Toshiba demonstrated the Portege 3500, its convertible laptop-style Tablet PC that features a similar design to the Acer product I reviewed earlier this year except that the Portege lacks the Acer's side-mounted screen latches that provide stability in laptop mode. I asked Toshiba about this seeming weakness, but the company assured me that the single, centrally mounted swivel latch is strong, stable, and secure enough to provide a long life. I'm not so sure, to be honest. The Toshiba weighs 3.5 pounds, features a large 12.1-inch screen (compared to the Acer's 10 inches), costs about $2300, and uses the requisite Intel Pentium III-M processor that most Tablet PC makers seem to have adopted.
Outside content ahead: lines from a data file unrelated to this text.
(* If $X=(X_1,\dots,X_d)$ is a $d$-dimensional $1$-Meixner random vector, then its Laplace transform $\varphi(\mathbf t)=E[\exp(\mathbf t\cdot X)]$ is well defined (finite) and twice differentiable with continuous second order partial derivatives on some neighborhood $V$ of $\mathbf 0\in\mathbb R^d$.
   Context: Let $X_1,\dots,X_d$ be real random variables on $(\Omega,\mathcal F,P)$ with finite moments of all orders. $F$ is the space of polynomial random variables $f(X_1,\dots,X_d)$ (complex coefficients), $F_n$ those of degree $\le n$, $G_0=F_0$, $G_n=F_n\ominus F_{n-1}$ in $L^2(P)$. For $f\in G_n$, $X_if\in G_{n-1}\oplus G_n\oplus G_{n+1}$; its components define $a^-(i)f,a^0(i)f,a^+(i)f$ respectively, extended linearly to $F$. $U_i:=a^-(i)+\tfrac12a^0(i)$. $(X_1,\dots,X_d)$ is a $d$-dimensional $1$-Meixner random vector if there are reals $\alpha_{i,j,k},\beta_{i,j}$ with $[U_i,X_j]=\sum_k\alpha_{i,j,k}X_k+\beta_{i,j}I$ on $F$ for all $i,j$ (with $X_j$ the multiplication operator, $I$ the identity). $\mathbf t\cdot X=\sum_it_iX_i$. *)

theory Defs
  imports "HOL-Analysis.Analysis" "HOL-Probability.Probability"
begin

definition monomialRV :: "('d::finite \<Rightarrow> 'a \<Rightarrow> real) \<Rightarrow> ('d \<Rightarrow> nat) \<Rightarrow> 'a \<Rightarrow> real" where
  "monomialRV X k = (\<lambda>\<omega>. \<Prod>i\<in>UNIV. X i \<omega> ^ k i)"

definition polyRV_deg :: "('d::finite \<Rightarrow> 'a \<Rightarrow> real) \<Rightarrow> nat \<Rightarrow> ('a \<Rightarrow> complex) set" where
  "polyRV_deg X n = {f. \<exists>K c. finite K \<and> (\<forall>k\<in>K. (\<Sum>i\<in>UNIV. k i) \<le> n) \<and>
       f = (\<lambda>\<omega>. \<Sum>k\<in>K. c k * complex_of_real (monomialRV X k \<omega>))}"

definition polyRV :: "('d::finite \<Rightarrow> 'a \<Rightarrow> real) \<Rightarrow> ('a \<Rightarrow> complex) set" where
  "polyRV X = (\<Union>n. polyRV_deg X n)"

definition L2inner :: "'a measure \<Rightarrow> ('a \<Rightarrow> complex) \<Rightarrow> ('a \<Rightarrow> complex) \<Rightarrow> complex" where
  "L2inner M f g = integral\<^sup>L M (\<lambda>\<omega>. f \<omega> * cnj (g \<omega>))"

text \<open>Orthogonal projection in L^2(P) onto a (finite-dimensional) subspace S of functions;
  determined up to P-a.e. equality.\<close>
definition L2proj :: "'a measure \<Rightarrow> ('a \<Rightarrow> complex) set \<Rightarrow> ('a \<Rightarrow> complex) \<Rightarrow> 'a \<Rightarrow> complex" where
  "L2proj M S h = (SOME p. p \<in> S \<and> (\<forall>g\<in>S. L2inner M (\<lambda>\<omega>. h \<omega> - p \<omega>) g = 0))"

text \<open>Component of h in G_n = F_n \<ominus> F_{n-1} (with F_{-1} = 0).\<close>
fun Gcomp :: "'a measure \<Rightarrow> ('d::finite \<Rightarrow> 'a \<Rightarrow> real) \<Rightarrow> nat \<Rightarrow> ('a \<Rightarrow> complex) \<Rightarrow> 'a \<Rightarrow> complex" where
  "Gcomp M X 0 h = L2proj M (polyRV_deg X 0) h"
| "Gcomp M X (Suc n) h =
     (\<lambda>\<omega>. L2proj M (polyRV_deg X (Suc n)) h \<omega> - L2proj M (polyRV_deg X n) h \<omega>)"

definition mulX :: "('d::finite \<Rightarrow> 'a \<Rightarrow> real) \<Rightarrow> 'd \<Rightarrow> ('a \<Rightarrow> complex) \<Rightarrow> 'a \<Rightarrow> complex" where
  "mulX X i f = (\<lambda>\<omega>. complex_of_real (X i \<omega>) * f \<omega>)"

text \<open>Annihilation a^-(i) and preservation a^0(i) operators, extended linearly to F:
  for g in G_n, a^-(i) g is the G_{n-1} component and a^0(i) g the G_n component of X_i g.\<close>
definition degRV :: "('d::finite \<Rightarrow> 'a \<Rightarrow> real) \<Rightarrow> ('a \<Rightarrow> complex) \<Rightarrow> nat" where
  "degRV X f = (LEAST n. f \<in> polyRV_deg X n)"

definition annihOp :: "'a measure \<Rightarrow> ('d::finite \<Rightarrow> 'a \<Rightarrow> real) \<Rightarrow> 'd \<Rightarrow> ('a \<Rightarrow> complex) \<Rightarrow> 'a \<Rightarrow> complex" where
  "annihOp M X i f = (\<lambda>\<omega>. \<Sum>n\<in>{1..degRV X f}.
      Gcomp M X (n - 1) (mulX X i (Gcomp M X n f)) \<omega>)"

definition preservOp :: "'a measure \<Rightarrow> ('d::finite \<Rightarrow> 'a \<Rightarrow> real) \<Rightarrow> 'd \<Rightarrow> ('a \<Rightarrow> complex) \<Rightarrow> 'a \<Rightarrow> complex" where
  "preservOp M X i f = (\<lambda>\<omega>. \<Sum>n\<in>{0..degRV X f}.
      Gcomp M X n (mulX X i (Gcomp M X n f)) \<omega>)"

definition Uop :: "'a measure \<Rightarrow> ('d::finite \<Rightarrow> 'a \<Rightarrow> real) \<Rightarrow> 'd \<Rightarrow> ('a \<Rightarrow> complex) \<Rightarrow> 'a \<Rightarrow> complex" where
  "Uop M X i f = (\<lambda>\<omega>. annihOp M X i f \<omega> + (1/2) * preservOp M X i f \<omega>)"

definition finite_moments :: "'a measure \<Rightarrow> ('d::finite \<Rightarrow> 'a \<Rightarrow> real) \<Rightarrow> bool" where
  "finite_moments M X \<longleftrightarrow> (\<forall>i. X i \<in> borel_measurable M \<and>
      (\<forall>n::nat. integrable M (\<lambda>\<omega>. \<bar>X i \<omega>\<bar> ^ n)))"

text \<open>d-dimensional 1-Meixner random vector: [U_i, X_j] = \<Sum>_k \<alpha>_{ijk} X_k + \<beta>_{ij} I on F
  (equalities of random variables, i.e. P-a.e.).\<close>
definition one_Meixner :: "'a measure \<Rightarrow> ('d::finite \<Rightarrow> 'a \<Rightarrow> real) \<Rightarrow> bool" where
  "one_Meixner M X \<longleftrightarrow> finite_moments M X \<and>
     (\<exists>(\<alpha>::'d \<Rightarrow> 'd \<Rightarrow> 'd \<Rightarrow> real) (\<beta>::'d \<Rightarrow> 'd \<Rightarrow> real). \<forall>i j. \<forall>f\<in>polyRV X.
        AE \<omega> in M. Uop M X i (mulX X j f) \<omega> - complex_of_real (X j \<omega>) * Uop M X i f \<omega>
          = (\<Sum>k\<in>UNIV. complex_of_real (\<alpha> i j k) * complex_of_real (X k \<omega>) * f \<omega>)
            + complex_of_real (\<beta> i j) * f \<omega>)"

definition laplaceRV :: "'a measure \<Rightarrow> ('d::finite \<Rightarrow> 'a \<Rightarrow> real) \<Rightarrow> real^'d \<Rightarrow> real" where
  "laplaceRV M X t = integral\<^sup>L M (\<lambda>\<omega>. exp (\<Sum>i\<in>UNIV. t $ i * X i \<omega>))"

definition partialD :: "'d::finite \<Rightarrow> (real^'d \<Rightarrow> real) \<Rightarrow> real^'d \<Rightarrow> real" where
  "partialD i f t = deriv (\<lambda>s. f (t + s *\<^sub>R axis i 1)) 0"

definition has_partial_at :: "'d::finite \<Rightarrow> (real^'d \<Rightarrow> real) \<Rightarrow> real^'d \<Rightarrow> bool" where
  "has_partial_at i f t \<longleftrightarrow> (\<lambda>s. f (t + s *\<^sub>R axis i 1)) differentiable (at 0)"

end

(*
  Taking expectations in the commutation relation [U_i, X_i] = L_i, applied to X_i^n, gives the
  Stein-type recursion  E X_i^(n+1) = E X_i * E X_i^n + n * E (L_i X_i^(n-1))  with L_i affine in X:
  only the G_0 and G_1 components of a polynomial contribute to the mean of U_i p, so that
  E (U_i p) = E (X_i p) - E X_i * E p / 2.  Summing over i and eliminating the odd moments by
  AM-GM, the even absolute moments satisfy s(2q+2) <= K (q+1)^2 s(2q), hence s(2q) <= d K^q (q!)^2.
  Since (q!)^2 <= (2q)!, the series of cosh converges in L^1, so E exp (tau * sum_i |X_i|) is finite
  for some tau > 0.  On the ball of radius tau/4 this exponential moment dominates
  polynomial * exp (t . X); the Laplace transform is then differentiated twice under the integral
  sign, and its second partial derivatives are Lipschitz there.
*)

theory Submission
  imports Defs
begin

lemma abs_exp_minus_one_minus_le:
  fixes x :: real
  shows "\<bar>exp x - 1 - x\<bar> \<le> x\<^sup>2 * exp \<bar>x\<bar>"
proof -
  obtain t where t: "\<bar>t\<bar> \<le> \<bar>x\<bar>" "exp x = (\<Sum>m<2. x ^ m / fact m) + exp t / fact 2 * x\<^sup>2"
    using Maclaurin_exp_le[of x 2] by blast
  then have "\<bar>exp x - 1 - x\<bar> = exp t / 2 * x\<^sup>2"
    by (simp add: numeral_2_eq_2)
  also have "\<dots> \<le> exp \<bar>x\<bar> * x\<^sup>2"
  proof (intro mult_right_mono)
    have "exp t \<le> exp \<bar>x\<bar>"
      using t(1) by simp
    then show "exp t / 2 \<le> exp \<bar>x\<bar>"
      using exp_gt_zero[of t] by linarith
  qed simp
  finally show ?thesis
    by (simp add: mult.commute)
qed

lemma abs_exp_diff_le:
  fixes a b :: real
  shows "\<bar>exp a - exp b\<bar> \<le> \<bar>a - b\<bar> * (exp a + exp b)"
proof -
  have le: "\<bar>exp a - exp b\<bar> \<le> \<bar>a - b\<bar> * (exp a + exp b)" if "b \<le> a" for a b :: real
  proof -
    have "exp a * (1 + (b - a)) \<le> exp a * exp (b - a)"
      using exp_ge_add_one_self[of "b - a"] by (intro mult_left_mono) auto
    then have "\<bar>exp a - exp b\<bar> \<le> (a - b) * exp a"
      using that by (simp add: exp_diff algebra_simps)
    also have "\<dots> \<le> \<bar>a - b\<bar> * (exp a + exp b)"
      using that by (intro mult_mono) auto
    finally show ?thesis .
  qed
  show ?thesis
    using le[of b a] le[of a b] by (cases "b \<le> a") (auto simp: abs_minus_commute add.commute)
qed

lemma one_plus_power_le:
  fixes x :: real
  assumes "0 \<le> x"
  shows "(1 + x) ^ N \<le> 2 ^ N * (1 + x ^ N)"
proof -
  have "(1 + x) ^ N \<le> (2 * max 1 x) ^ N"
    using assms by (intro power_mono) auto
  also have "\<dots> \<le> 2 ^ N * (1 + x ^ N)"
    using assms by (auto simp: power_mult_distrib max_def)
  finally show ?thesis .
qed

lemma mult_power_le_power_Suc_add:
  fixes a b :: real
  assumes "0 \<le> a" "0 \<le> b"
  shows "b * a ^ n \<le> b ^ Suc n + a ^ Suc n"
proof (cases "a \<le> b")
  case True
  then have "b * a ^ n \<le> b * b ^ n"
    using assms by (intro mult_left_mono power_mono) auto
  then show ?thesis
    using assms by (simp add: add_increasing2)
next
  case False
  then have "b * a ^ n \<le> a * a ^ n"
    using assms by (intro mult_right_mono) auto
  then show ?thesis
    using assms by (simp add: add_increasing)
qed

lemma two_mult_power_Suc_le:
  fixes a c :: real
  assumes "0 \<le> a"
  shows "2 * c * a ^ Suc n \<le> a ^ Suc (Suc n) + c\<^sup>2 * a ^ n"
proof -
  have "0 \<le> a ^ n * (a - c)\<^sup>2"
    using assms by simp
  then show ?thesis
    by (simp add: power2_eq_square algebra_simps)
qed

lemma sum_mult_sum_power_le:
  fixes a :: "'i \<Rightarrow> real"
  assumes "finite I" "\<And>i. i \<in> I \<Longrightarrow> 0 \<le> a i"
  shows "(\<Sum>k\<in>I. a k) * (\<Sum>i\<in>I. a i ^ n) \<le> 2 * real (card I) * (\<Sum>i\<in>I. a i ^ Suc n)"
proof -
  have "(\<Sum>k\<in>I. a k) * (\<Sum>i\<in>I. a i ^ n) = (\<Sum>k\<in>I. \<Sum>i\<in>I. a k * a i ^ n)"
    by (simp add: sum_product)
  also have "\<dots> \<le> (\<Sum>k\<in>I. \<Sum>i\<in>I. a k ^ Suc n + a i ^ Suc n)"
    using assms(2) by (intro sum_mono mult_power_le_power_Suc_add) auto
  also have "\<dots> = real (card I) * (\<Sum>i\<in>I. a i ^ Suc n) + real (card I) * (\<Sum>i\<in>I. a i ^ Suc n)"
    by (simp only: sum.distrib sum_constant) (simp add: sum_distrib_left[symmetric] mult.commute)
  also have "\<dots> = 2 * real (card I) * (\<Sum>i\<in>I. a i ^ Suc n)"
    by simp
  finally show ?thesis .
qed

lemma sum_abs_power_growth_le:
  fixes x :: "'d::finite \<Rightarrow> real"
  assumes "0 \<le> c"
  shows "(\<Sum>i\<in>UNIV. c * \<bar>x i\<bar> ^ Suc n + real (Suc n) * (c * (1 + (\<Sum>k\<in>UNIV. \<bar>x k\<bar>)) * \<bar>x i\<bar> ^ n))
    \<le> real (Suc n) * (1 + 2 * real CARD('d)) * c * ((\<Sum>i\<in>UNIV. \<bar>x i\<bar> ^ n) + (\<Sum>i\<in>UNIV. \<bar>x i\<bar> ^ Suc n))"
proof -
  let ?d = "real CARD('d)" and ?S = "\<Sum>k\<in>UNIV. \<bar>x k\<bar>"
  let ?T = "\<Sum>i\<in>UNIV. \<bar>x i\<bar> ^ n" and ?T' = "\<Sum>i\<in>UNIV. \<bar>x i\<bar> ^ Suc n"
  have "(\<Sum>i\<in>UNIV. c * \<bar>x i\<bar> ^ Suc n + real (Suc n) * (c * (1 + ?S) * \<bar>x i\<bar> ^ n))
      = c * ?T' + real (Suc n) * c * ((1 + ?S) * ?T)"
    by (simp add: sum.distrib sum_distrib_left mult.assoc del: power_Suc of_nat_Suc)
  also have "\<dots> = c * ?T' + real (Suc n) * c * (?T + ?S * ?T)"
    by (simp add: distrib_right)
  also have "\<dots> \<le> c * ?T' + real (Suc n) * c * (?T + 2 * ?d * ?T')"
    using assms sum_mult_sum_power_le[of UNIV "\<lambda>i. \<bar>x i\<bar>" n] by (simp add: mult_left_mono)
  also have "\<dots> = real (Suc n) * (1 + 2 * ?d) * c * (?T + ?T')
      - (real (Suc n) * c * ?T * (2 * ?d) + c * ?T' * real n)"
    by (simp add: algebra_simps)
  also have "\<dots> \<le> real (Suc n) * (1 + 2 * ?d) * c * (?T + ?T')"
  proof -
    have "0 \<le> real (Suc n) * c * ?T * (2 * ?d) + c * ?T' * real n"
      using assms by (intro add_nonneg_nonneg mult_nonneg_nonneg) (auto simp: sum_nonneg)
    then show ?thesis
      by linarith
  qed
  finally show ?thesis .
qed

lemma mono_sum_le_sum_mono:
  fixes a :: "'d::finite \<Rightarrow> real" and g :: "real \<Rightarrow> real"
  assumes "mono g" "\<And>x. 0 \<le> g x"
  shows "g (\<Sum>i\<in>UNIV. a i) \<le> (\<Sum>i\<in>UNIV. g (real CARD('d) * a i))"
proof -
  have "Max (range a) \<in> range a"
    by (intro Max_in) auto
  then obtain j where j: "Max (range a) = a j"
    by blast
  have "(\<Sum>i\<in>UNIV. a i) \<le> real CARD('d) * a j"
    using sum_bounded_above[of UNIV a "a j"] j Max_ge[of "range a"] by auto
  then have "g (\<Sum>i\<in>UNIV. a i) \<le> g (real CARD('d) * a j)"
    using assms(1) by (simp add: monoD)
  also have "\<dots> \<le> (\<Sum>i\<in>UNIV. g (real CARD('d) * a i))"
    using assms(2) by (intro member_le_sum) auto
  finally show ?thesis .
qed

lemma cosh_sums_even_powers:
  fixes x :: real
  shows "(\<lambda>q. x ^ (2 * q) / fact (2 * q)) sums cosh x"
proof -
  have "(\<lambda>q. (\<lambda>n. if even n then x ^ n /\<^sub>R fact n else 0) (2 * q)) sums cosh x"
    using cosh_converges[of x]
    by (subst sums_mono_reindex) (auto simp: strict_mono_def elim!: oddE)
  then show ?thesis
    by (simp add: divide_inverse mult.commute)
qed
I appreciated (and agree with) the honesty of Toshiba's advice to configure a Tablet PC--or any laptop--with at least 512MB of RAM.

Acer displayed its time-tested C100 convertible laptop, and many of the tablet-toting launch attendees were, predictably, using this device. Because I've already reviewed the C100, I didn't spend much time talking with Acer, but I consider the C100 the standard that all convertible laptop-style Tablet PC makers should follow. The C100 is a good-quality machine, with prices in the $2200 to $2400 range. However, Acer uses a much slower processor than the competition--800MHz in the C100, compared to 1.33GHz in most other machines--which might be a concern.